Thumbnail Image


Publication or External Link





Image geo-localization is an important research problem. In recent years, the IARPA Finder program gathers many researchers to develop the technology to address the geo-localization task. One particularly effective approach is utilizing the large-scale ground-level image and/or overhead imagery with image matching techniques for image geo-localization. In this dissertation, we focus on two different aspects of geo-localization. First, we focus on indoor image and use geo-localization to recognize different business venues. Second, we address the venerability of such a computer vision system and apply geo-localization to solve media forensics problems such as content manipulation and meta-data manipulation.

With the prevalence of social media platforms, media shared on the Internet can reach millions of people in a short time. Sheer amounts of media available on the Internet enable many different computer vision applications. However, at the same time, people can easily share a tampered media for malicious goals such as creating panic or distorting public opinions with little effort.

We first propose an image localization framework for extracting fine-grained location information (i.e. business venues) from images. Our framework utilizes the information available from social media websites such as Instagram and Yelp to extract a set of location-related concepts. Using these concepts with a multi-modal recognition model, we were able to extract location information based on the image content.

Secondly, to make a robust system, we address the metadata tampering detection problem, detecting the discrepancy between the images and its associated metadata such as GPS and timestamp. We propose a multi-task learning model to verify its authenticity by detecting the discrepancy between image content and its metadata. Our model first detects meteorological properties such as weather condition, sun angle, and temperatures from the image content and comparing it with the information from the online weather database. To facilitate the training and evaluating of our model, we create a large-scale outdoor dataset labeled with meteorological properties.

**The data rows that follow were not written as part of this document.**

lemma ex_bij_betw_image_pair:
  assumes "finite S" and "finite T" and "A \<subseteq> S" and "B \<subseteq> S" and "C \<subseteq> T" and "D \<subseteq> T"
    and "card S = card T" and "card A = card C" and "card B = card D"
    and "card (A \<inter> B) = card (C \<inter> D)"
  obtains \<sigma> where "bij_betw \<sigma> S T" and "\<sigma> ` A = C" and "\<sigma> ` B = D"
proof -
  have bij_of_card: "\<exists>h. bij_betw h X Y" if "X \<subseteq> S" "Y \<subseteq> T" "card X = card Y" for X Y
    using that assms(1,2) by (intro finite_same_card_bij) (auto intro: finite_subset)
  have fin: "finite A" "finite B" "finite C" "finite D"
    using assms finite_subset by blast+
  have "card (A - B) = card (C - D)" "card (B - A) = card (D - C)"
    using assms(8-10) fin by (simp_all add: card_Diff_subset_Int Int_commute)
  moreover have "card (S - (A \<union> B)) = card (T - (C \<union> D))"
    using assms card_Un_Int[of A B] card_Un_Int[of C D] fin
    by (simp add: card_Diff_subset)
  \<comment> \<open>\<sigma> is glued from bijections between corresponding Venn regions of A, B and of C, D.\<close>
  ultimately obtain h1 h2 h3 h4 where
    h1: "bij_betw h1 (A \<inter> B) (C \<inter> D)" and h2: "bij_betw h2 (A - B) (C - D)"
    and h3: "bij_betw h3 (B - A) (D - C)" and h4: "bij_betw h4 (S - (A \<union> B)) (T - (C \<union> D))"
    using bij_of_card[of "A \<inter> B" "C \<inter> D"] bij_of_card[of "A - B" "C - D"]
      bij_of_card[of "B - A" "D - C"] bij_of_card[of "S - (A \<union> B)" "T - (C \<union> D)"] assms
    by blast
  obtain \<sigma>1 where \<sigma>1: "bij_betw \<sigma>1 (A \<inter> B \<union> (A - B)) (C \<inter> D \<union> (C - D))"
    and \<sigma>1_Int: "\<sigma>1 ` (A \<inter> B) = C \<inter> D"
    by (rule ex_bij_betw_Un_extending[OF h1 h2]) (use h1 in \<open>auto simp: bij_betw_def\<close>)
  obtain \<sigma>2 where \<sigma>2: "bij_betw \<sigma>2 (B - A \<union> (S - (A \<union> B))) (D - C \<union> (T - (C \<union> D)))"
    and \<sigma>2_Diff: "\<sigma>2 ` (B - A) = D - C"
    by (rule ex_bij_betw_Un_extending[OF h3 h4]) (use h3 in \<open>auto simp: bij_betw_def\<close>)
  have "B - A \<union> (S - (A \<union> B)) = S - A" "D - C \<union> (T - (C \<union> D)) = T - C"
    using assms(4,6) by blast+
  then have \<sigma>2': "bij_betw \<sigma>2 (S - A) (T - C)" using \<sigma>2 by simp
  have \<sigma>1': "bij_betw \<sigma>1 A C" using \<sigma>1 by (simp add: Int_Diff_Un)
  obtain \<sigma> where \<sigma>: "bij_betw \<sigma> (A \<union> (S - A)) (C \<union> (T - C))"
    and \<sigma>_A: "\<And>X. X \<subseteq> A \<Longrightarrow> \<sigma> ` X = \<sigma>1 ` X" and \<sigma>_not_A: "\<And>X. X \<subseteq> S - A \<Longrightarrow> \<sigma> ` X = \<sigma>2 ` X"
    by (rule ex_bij_betw_Un_extending[OF \<sigma>1' \<sigma>2']) auto
  show thesis
  proof
    show "bij_betw \<sigma> S T" using \<sigma> assms(3,5) by (simp add: Un_absorb1)
    show "\<sigma> ` A = C" using \<sigma>_A[of A] \<sigma>1' by (simp add: bij_betw_def)
    have "B = A \<inter> B \<union> (B - A)" by blast
    then have "\<sigma> ` B = \<sigma>1 ` (A \<inter> B) \<union> \<sigma>2 ` (B - A)"
      using \<sigma>_A[of "A \<inter> B"] \<sigma>_not_A[of "B - A"] assms(4) by (metis Diff_mono Int_lower1 image_Un order_refl)
    then show "\<sigma> ` B = D" using \<sigma>1_Int \<sigma>2_Diff by auto
  qed
qed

Thirdly, we address the event verification problem by designing a convolutional neural networks configuration specifically target for image localization. The proposed networks utilize the bilinear pooling layer and attention module to extract detail location information from the image content.

Forth, we present a generative model to generate realistic image compositing using adversarial learning, which can be used to further improve the image tampering detection model. Finally, we propose an object-based provenance approach to address the content manipulation problem in media forensics.